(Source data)
———
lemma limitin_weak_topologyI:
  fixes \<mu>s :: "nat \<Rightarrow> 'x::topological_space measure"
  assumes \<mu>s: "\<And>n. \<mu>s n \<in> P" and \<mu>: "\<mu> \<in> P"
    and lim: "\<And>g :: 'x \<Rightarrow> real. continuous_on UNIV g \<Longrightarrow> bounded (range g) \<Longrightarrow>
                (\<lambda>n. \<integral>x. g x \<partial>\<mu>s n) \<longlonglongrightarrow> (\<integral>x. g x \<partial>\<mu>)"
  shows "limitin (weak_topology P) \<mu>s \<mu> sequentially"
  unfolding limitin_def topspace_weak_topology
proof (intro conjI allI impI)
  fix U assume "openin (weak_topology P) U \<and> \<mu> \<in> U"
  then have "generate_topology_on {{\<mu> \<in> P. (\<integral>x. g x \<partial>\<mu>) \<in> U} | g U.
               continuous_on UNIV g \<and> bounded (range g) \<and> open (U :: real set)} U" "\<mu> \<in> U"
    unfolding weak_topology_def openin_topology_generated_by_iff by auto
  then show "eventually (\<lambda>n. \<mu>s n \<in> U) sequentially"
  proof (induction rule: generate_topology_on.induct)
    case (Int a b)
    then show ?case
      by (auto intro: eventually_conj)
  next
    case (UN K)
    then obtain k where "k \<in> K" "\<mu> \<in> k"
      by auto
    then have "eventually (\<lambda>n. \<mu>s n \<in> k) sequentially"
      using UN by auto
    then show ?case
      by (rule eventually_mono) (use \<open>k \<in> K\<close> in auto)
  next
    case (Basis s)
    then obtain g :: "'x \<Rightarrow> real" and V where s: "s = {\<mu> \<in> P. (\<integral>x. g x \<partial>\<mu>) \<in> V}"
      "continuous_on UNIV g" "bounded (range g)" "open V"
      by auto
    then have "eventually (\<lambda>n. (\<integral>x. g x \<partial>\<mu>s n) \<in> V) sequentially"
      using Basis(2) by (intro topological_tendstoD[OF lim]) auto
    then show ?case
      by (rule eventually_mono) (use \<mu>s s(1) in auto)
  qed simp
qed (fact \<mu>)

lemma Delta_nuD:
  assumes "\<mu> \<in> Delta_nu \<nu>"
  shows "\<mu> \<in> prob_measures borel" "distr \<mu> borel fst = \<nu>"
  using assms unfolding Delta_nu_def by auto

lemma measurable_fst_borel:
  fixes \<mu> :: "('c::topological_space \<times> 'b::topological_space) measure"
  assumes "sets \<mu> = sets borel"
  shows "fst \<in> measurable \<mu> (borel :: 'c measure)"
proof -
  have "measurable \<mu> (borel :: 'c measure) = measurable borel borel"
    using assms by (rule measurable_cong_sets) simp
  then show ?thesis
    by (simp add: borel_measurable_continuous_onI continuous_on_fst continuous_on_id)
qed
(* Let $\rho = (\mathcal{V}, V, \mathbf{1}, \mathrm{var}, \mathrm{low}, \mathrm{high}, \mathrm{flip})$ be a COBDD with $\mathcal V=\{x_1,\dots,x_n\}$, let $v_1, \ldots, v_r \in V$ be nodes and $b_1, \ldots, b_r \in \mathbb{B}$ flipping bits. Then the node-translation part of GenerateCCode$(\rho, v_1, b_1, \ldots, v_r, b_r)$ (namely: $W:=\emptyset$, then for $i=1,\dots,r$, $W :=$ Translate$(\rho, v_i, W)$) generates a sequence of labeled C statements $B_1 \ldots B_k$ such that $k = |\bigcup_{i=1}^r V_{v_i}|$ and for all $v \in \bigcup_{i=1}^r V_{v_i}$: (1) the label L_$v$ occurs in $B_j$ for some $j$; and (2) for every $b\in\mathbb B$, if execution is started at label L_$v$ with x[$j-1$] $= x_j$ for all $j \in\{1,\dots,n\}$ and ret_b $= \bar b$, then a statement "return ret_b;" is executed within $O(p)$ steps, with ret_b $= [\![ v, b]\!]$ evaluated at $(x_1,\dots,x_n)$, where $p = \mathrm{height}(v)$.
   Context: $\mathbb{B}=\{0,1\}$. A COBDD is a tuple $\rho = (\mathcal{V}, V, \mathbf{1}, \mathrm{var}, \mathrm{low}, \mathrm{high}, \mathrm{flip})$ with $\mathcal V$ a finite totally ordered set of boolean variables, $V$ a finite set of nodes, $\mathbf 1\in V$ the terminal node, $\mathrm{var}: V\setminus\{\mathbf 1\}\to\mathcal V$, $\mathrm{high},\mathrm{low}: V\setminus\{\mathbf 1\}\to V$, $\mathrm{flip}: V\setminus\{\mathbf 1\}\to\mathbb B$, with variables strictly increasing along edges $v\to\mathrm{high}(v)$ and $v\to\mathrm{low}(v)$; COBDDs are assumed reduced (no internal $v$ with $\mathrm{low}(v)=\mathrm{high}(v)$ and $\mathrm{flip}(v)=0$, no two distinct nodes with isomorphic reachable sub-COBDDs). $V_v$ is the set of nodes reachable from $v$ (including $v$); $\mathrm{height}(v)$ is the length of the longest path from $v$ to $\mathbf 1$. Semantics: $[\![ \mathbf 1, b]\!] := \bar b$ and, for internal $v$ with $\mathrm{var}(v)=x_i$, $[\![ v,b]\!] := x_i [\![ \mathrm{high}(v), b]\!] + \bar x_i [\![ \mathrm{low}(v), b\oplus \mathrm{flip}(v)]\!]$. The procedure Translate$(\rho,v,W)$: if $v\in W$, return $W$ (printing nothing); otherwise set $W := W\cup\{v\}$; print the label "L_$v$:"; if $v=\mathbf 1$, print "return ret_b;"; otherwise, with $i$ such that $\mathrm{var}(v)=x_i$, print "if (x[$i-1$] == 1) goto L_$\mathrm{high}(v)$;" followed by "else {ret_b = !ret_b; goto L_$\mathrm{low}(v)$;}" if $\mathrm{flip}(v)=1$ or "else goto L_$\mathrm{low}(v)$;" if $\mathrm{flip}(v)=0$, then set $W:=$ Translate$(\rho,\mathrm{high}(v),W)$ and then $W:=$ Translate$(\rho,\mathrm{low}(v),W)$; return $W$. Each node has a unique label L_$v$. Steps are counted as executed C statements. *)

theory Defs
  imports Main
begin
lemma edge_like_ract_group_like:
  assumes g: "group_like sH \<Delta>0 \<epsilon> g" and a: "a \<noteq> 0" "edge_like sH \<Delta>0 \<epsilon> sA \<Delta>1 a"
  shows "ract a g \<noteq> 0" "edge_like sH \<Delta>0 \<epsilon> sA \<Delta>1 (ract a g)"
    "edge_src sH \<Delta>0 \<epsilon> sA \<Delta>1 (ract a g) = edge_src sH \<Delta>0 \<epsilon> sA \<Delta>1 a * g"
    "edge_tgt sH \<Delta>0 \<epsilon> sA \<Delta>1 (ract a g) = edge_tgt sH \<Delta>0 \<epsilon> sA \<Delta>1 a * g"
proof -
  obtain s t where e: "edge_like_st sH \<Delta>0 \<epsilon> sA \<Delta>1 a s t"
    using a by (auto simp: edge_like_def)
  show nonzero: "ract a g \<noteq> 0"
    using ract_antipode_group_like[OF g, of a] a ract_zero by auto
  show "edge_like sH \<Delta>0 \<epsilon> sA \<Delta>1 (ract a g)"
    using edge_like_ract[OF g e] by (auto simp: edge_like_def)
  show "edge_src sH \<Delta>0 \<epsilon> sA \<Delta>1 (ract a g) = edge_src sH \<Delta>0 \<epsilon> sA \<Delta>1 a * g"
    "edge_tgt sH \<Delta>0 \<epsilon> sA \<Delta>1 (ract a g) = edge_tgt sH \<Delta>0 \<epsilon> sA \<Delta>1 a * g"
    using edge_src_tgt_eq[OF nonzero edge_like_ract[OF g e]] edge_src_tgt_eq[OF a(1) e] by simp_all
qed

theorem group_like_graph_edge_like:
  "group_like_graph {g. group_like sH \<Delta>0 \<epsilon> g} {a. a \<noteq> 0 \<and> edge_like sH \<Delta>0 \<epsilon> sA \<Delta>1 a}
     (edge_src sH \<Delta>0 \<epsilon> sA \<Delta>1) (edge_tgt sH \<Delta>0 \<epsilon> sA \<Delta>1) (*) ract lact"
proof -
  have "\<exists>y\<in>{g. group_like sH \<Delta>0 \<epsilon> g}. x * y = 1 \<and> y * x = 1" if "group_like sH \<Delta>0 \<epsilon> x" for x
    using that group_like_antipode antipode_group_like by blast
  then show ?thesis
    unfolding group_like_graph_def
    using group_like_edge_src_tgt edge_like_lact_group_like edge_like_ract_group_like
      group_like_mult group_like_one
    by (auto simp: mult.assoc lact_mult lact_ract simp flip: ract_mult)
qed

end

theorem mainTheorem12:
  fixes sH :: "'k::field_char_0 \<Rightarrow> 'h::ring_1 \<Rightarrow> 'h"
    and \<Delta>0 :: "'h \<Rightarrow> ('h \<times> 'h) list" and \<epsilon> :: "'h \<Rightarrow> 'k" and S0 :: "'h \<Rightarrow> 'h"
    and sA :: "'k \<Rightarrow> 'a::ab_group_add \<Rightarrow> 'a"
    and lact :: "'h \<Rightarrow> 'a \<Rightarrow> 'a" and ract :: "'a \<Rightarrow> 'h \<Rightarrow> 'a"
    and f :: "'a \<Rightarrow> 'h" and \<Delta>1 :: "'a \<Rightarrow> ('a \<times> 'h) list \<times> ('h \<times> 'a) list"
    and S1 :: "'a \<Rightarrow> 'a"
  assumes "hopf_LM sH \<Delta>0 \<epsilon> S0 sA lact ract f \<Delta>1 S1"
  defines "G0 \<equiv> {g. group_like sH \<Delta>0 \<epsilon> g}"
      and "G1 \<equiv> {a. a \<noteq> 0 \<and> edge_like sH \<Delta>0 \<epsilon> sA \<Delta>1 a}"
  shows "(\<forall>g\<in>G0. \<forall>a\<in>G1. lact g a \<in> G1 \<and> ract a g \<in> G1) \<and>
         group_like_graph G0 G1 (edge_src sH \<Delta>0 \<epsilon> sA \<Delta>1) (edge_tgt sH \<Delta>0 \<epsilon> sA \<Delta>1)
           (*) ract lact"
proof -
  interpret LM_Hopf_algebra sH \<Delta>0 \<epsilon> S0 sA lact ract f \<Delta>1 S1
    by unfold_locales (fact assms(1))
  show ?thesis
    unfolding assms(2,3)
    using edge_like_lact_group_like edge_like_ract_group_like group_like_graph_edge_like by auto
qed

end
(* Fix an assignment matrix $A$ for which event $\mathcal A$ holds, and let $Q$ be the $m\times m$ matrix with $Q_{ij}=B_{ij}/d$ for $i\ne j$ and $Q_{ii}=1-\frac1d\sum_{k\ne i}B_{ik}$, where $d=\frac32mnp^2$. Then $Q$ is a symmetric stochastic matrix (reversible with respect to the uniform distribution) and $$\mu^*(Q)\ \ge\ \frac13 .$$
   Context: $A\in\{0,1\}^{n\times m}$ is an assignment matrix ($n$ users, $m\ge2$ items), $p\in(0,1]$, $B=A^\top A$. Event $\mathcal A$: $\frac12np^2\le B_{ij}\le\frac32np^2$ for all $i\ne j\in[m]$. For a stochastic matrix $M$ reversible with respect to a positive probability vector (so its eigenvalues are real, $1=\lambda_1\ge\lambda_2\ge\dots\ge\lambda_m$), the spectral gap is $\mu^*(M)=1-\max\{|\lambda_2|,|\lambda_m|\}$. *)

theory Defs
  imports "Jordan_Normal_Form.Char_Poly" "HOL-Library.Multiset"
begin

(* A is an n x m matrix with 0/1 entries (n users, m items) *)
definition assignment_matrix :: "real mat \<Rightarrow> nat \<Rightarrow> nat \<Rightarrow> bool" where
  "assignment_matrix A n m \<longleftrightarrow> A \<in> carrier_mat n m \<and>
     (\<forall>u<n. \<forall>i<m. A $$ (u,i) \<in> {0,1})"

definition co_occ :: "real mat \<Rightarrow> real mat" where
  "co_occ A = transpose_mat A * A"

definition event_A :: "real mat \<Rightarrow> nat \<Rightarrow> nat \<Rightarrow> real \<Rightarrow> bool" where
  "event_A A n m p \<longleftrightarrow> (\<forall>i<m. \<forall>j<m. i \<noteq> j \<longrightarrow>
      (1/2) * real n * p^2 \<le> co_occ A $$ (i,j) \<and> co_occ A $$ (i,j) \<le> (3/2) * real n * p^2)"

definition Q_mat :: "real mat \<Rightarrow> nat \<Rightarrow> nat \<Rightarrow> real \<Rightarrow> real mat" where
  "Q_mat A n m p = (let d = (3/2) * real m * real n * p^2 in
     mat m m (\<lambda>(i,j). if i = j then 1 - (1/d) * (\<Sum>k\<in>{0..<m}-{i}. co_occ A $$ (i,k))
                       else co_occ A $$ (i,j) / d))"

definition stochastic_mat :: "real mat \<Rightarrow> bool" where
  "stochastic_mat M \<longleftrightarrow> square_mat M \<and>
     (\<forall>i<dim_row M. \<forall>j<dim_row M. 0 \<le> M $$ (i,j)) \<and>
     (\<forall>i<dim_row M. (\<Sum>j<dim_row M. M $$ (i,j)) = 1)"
———
◆ **What the task asks**
Among the records above, repeat exactly the line with "real \<Rightarrow> real", the line with "square_mat M \<and>", and every line in between, and only those.

◆ **Response to this task**
definition Q_mat :: "real mat \<Rightarrow> nat \<Rightarrow> nat \<Rightarrow> real \<Rightarrow> real mat" where
  "Q_mat A n m p = (let d = (3/2) * real m * real n * p^2 in
     mat m m (\<lambda>(i,j). if i = j then 1 - (1/d) * (\<Sum>k\<in>{0..<m}-{i}. co_occ A $$ (i,k))
                       else co_occ A $$ (i,j) / d))"

definition stochastic_mat :: "real mat \<Rightarrow> bool" where
  "stochastic_mat M \<longleftrightarrow> square_mat M \<and>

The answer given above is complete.